Q Developer is an AI coding assistant integrated into IDEs and CLI. It uses your codebase context.

```bash
# Install Q CLI
pip install amazon-q-developer-cli   # or via AWS Toolkit in VS Code / JetBrains

# CLI usage
q chat "explain this CloudFormation template"
q chat --file template.yaml "what security issues does this have?"

# Inline code suggestions: available in VS Code / JetBrains via AWS Toolkit extension
# Enable: Settings → AWS → Amazon Q → Enable Q Developer

# Q for command line (chat in terminal)
q --context . "write a Python Lambda that reads from SQS and writes to DynamoDB"
```

---

## Guardrails & Gotchas

- **Bedrock model availability** — not all models available in all regions.
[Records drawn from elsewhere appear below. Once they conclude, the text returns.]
(* There is an absolute constant $c>0$ such that every connected finite simple undirected graph on $d\ge2$ vertices in which every vertex has degree $1$ or degree at least $3$ has a spanning tree with at least $c\,d$ leaves.
   Context: A leaf of a tree is a vertex of degree 1. *)

theory Defs
  imports Complex_Main
begin

definition simple_graph :: "'a set \<Rightarrow> 'a set set \<Rightarrow> bool" where
  "simple_graph V E \<longleftrightarrow> finite V \<and> (\<forall>e\<in>E. e \<subseteq> V \<and> card e = 2)"

definition adj :: "'a set set \<Rightarrow> 'a \<Rightarrow> 'a \<Rightarrow> bool" where
  "adj E u v \<longleftrightarrow> {u, v} \<in> E"

definition degree :: "'a set set \<Rightarrow> 'a \<Rightarrow> nat" where
  "degree E v = card {e \<in> E. v \<in> e}"

definition is_walk :: "'a set \<Rightarrow> 'a set set \<Rightarrow> 'a list \<Rightarrow> bool" where
  "is_walk V E xs \<longleftrightarrow> xs \<noteq> [] \<and> set xs \<subseteq> V \<and>
     (\<forall>i. Suc i < length xs \<longrightarrow> adj E (xs ! i) (xs ! Suc i))"

definition connected_graph :: "'a set \<Rightarrow> 'a set set \<Rightarrow> bool" where
  "connected_graph V E \<longleftrightarrow> V \<noteq> {} \<and>
     (\<forall>u\<in>V. \<forall>v\<in>V. \<exists>xs. is_walk V E xs \<and> hd xs = u \<and> last xs = v)"

definition is_cycle :: "'a set \<Rightarrow> 'a set set \<Rightarrow> 'a list \<Rightarrow> bool" where
  "is_cycle V E xs \<longleftrightarrow> length xs \<ge> 3 \<and> distinct xs \<and> is_walk V E xs \<and>
     adj E (last xs) (hd xs)"

definition acyclic_graph :: "'a set \<Rightarrow> 'a set set \<Rightarrow> bool" where
  "acyclic_graph V E \<longleftrightarrow> \<not> (\<exists>xs. is_cycle V E xs)"

definition is_tree :: "'a set \<Rightarrow> 'a set set \<Rightarrow> bool" where
  "is_tree V E \<longleftrightarrow> simple_graph V E \<and> connected_graph V E \<and> acyclic_graph V E"

definition spanning_tree :: "'a set \<Rightarrow> 'a set set \<Rightarrow> 'a set set \<Rightarrow> bool" where
  "spanning_tree V E T \<longleftrightarrow> T \<subseteq> E \<and> is_tree V T"

definition leaves :: "'a set \<Rightarrow> 'a set set \<Rightarrow> 'a set" where
  "leaves V E = {v \<in> V. degree E v = 1}"

end

theory Submission
  imports Defs
begin
lemma closedin_subtopology_powertop_realI:
  assumes subset: "A \<subseteq> topspace (powertop_real I) \<inter> S"
    and adherent: "\<And>\<phi>. \<phi> \<in> topspace (powertop_real I) \<inter> S \<Longrightarrow>
       (\<And>F \<eta>. finite F \<Longrightarrow> F \<subseteq> I \<Longrightarrow> \<eta> > 0 \<Longrightarrow> \<exists>\<psi>\<in>A. \<forall>i\<in>F. \<bar>\<psi> i - \<phi> i\<bar> < \<eta>) \<Longrightarrow> \<phi> \<in> A"
  shows "closedin (subtopology (powertop_real I) S) A"
  unfolding closedin_def topspace_subtopology
proof (intro conjI subset, subst openin_subopen, intro ballI)
  let ?X = "powertop_real I"
  fix \<phi> assume \<phi>: "\<phi> \<in> topspace ?X \<inter> S - A"
  have "\<exists>F \<eta>. finite F \<and> F \<subseteq> I \<and> \<eta> > 0 \<and> (\<forall>\<psi>\<in>A. \<not> (\<forall>i\<in>F. \<bar>\<psi> i - \<phi> i\<bar> < \<eta>))"
  proof (rule ccontr)
    assume "\<not> ?thesis"
    then have "\<phi> \<in> A" using \<phi> by (intro adherent) auto
    then show False using \<phi> by blast
  qed
  then obtain F \<eta> where F: "finite F" "F \<subseteq> I" "\<eta> > 0"
    and far: "\<forall>\<psi>\<in>A. \<not> (\<forall>i\<in>F. \<bar>\<psi> i - \<phi> i\<bar> < \<eta>)"
    by blast
  define W where "W = {\<psi> \<in> topspace ?X. \<forall>i\<in>F. \<bar>\<psi> i - \<phi> i\<bar> < \<eta>}"
  have "openin (subtopology ?X S) (W \<inter> S)"
    unfolding openin_subtopology W_def using openin_powertop_real_near[OF F(1,2)] by blast
  moreover have "\<phi> \<in> W \<inter> S" "W \<inter> S \<subseteq> topspace ?X \<inter> S - A"
    using \<phi> F(3) far by (auto simp: W_def)
  ultimately show "\<exists>T. openin (subtopology ?X S) T \<and> \<phi> \<in> T \<and> T \<subseteq> topspace ?X \<inter> S - A"
    by blast
qed

theorem proposition2p9:
  fixes z :: "'a::complete_space"
  shows "closedin (weak_top_Free z) (range (delta z))"
  unfolding weak_top_Free_def
proof (rule closedin_subtopology_powertop_realI)
  show "range (delta z) \<subseteq> topspace (powertop_real (Lip0 z)) \<inter> FreeSpace z"
    using delta_in_delta_span delta_span_subset_FreeSpace
    by (auto simp: delta_def topspace_product_topology)
next
  fix \<phi> assume \<phi>: "\<phi> \<in> topspace (powertop_real (Lip0 z)) \<inter> FreeSpace z"
    and near: "\<And>F \<eta>. finite F \<Longrightarrow> F \<subseteq> Lip0 z \<Longrightarrow> \<eta> > 0 \<Longrightarrow>
      \<exists>\<psi>\<in>range (delta z). \<forall>f\<in>F. \<bar>\<psi> f - \<phi> f\<bar> < \<eta>"
  have "delta_adherent z \<phi>"
    unfolding delta_adherent_def
  proof (intro allI impI)
    fix F \<eta> assume F: "finite F" "F \<subseteq> Lip0 z" "(\<eta>::real) > 0"
    then obtain x where "\<forall>f\<in>F. \<bar>delta z x f - \<phi> f\<bar> < \<eta>" using near by blast
    moreover have "delta z x f = f x" if "f \<in> F" for f
      using that F(2) by (auto simp: delta_def)
    ultimately show "\<exists>x. \<forall>f\<in>F. \<bar>f x - \<phi> f\<bar> < \<eta>" by auto
  qed
  then show "\<phi> \<in> range (delta z)"
    using \<phi> by (blast intro: FreeSpace_delta_adherent_in_range)
qed

end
Check console for your region. Cross-region inference available via inference profiles.
- **Bedrock costs** — on-demand pricing per token. High-volume workloads should use Provisioned Throughput (commit to model units/month).
- **Bedrock Agents Lambda** — your Lambda must return a specific response schema matching the OpenAPI spec. Test with `InvokeAgent` before wiring to prod.
- **SageMaker endpoints never scale to zero** — use Serverless Inference (cold start) or Lambda + batch transform for sporadic workloads.
- **Rekognition streaming** — video analysis uses Kinesis Video Streams, not S3. Different API path.
- **Textract limits** — sync API max 10MB/3000 pages; use async + S3 for anything bigger.
- **Comprehend batch** — single API calls max 25 documents. Use `start-entities-detection-job` for bulk.
- **Knowledge Base embeddings** — changing the embedding model requires re-ingesting all documents. Plan ahead.
- **Q Developer data privacy** — by default, Q may use your code to improve models. Enable "professional tier" for enterprise data privacy guarantees.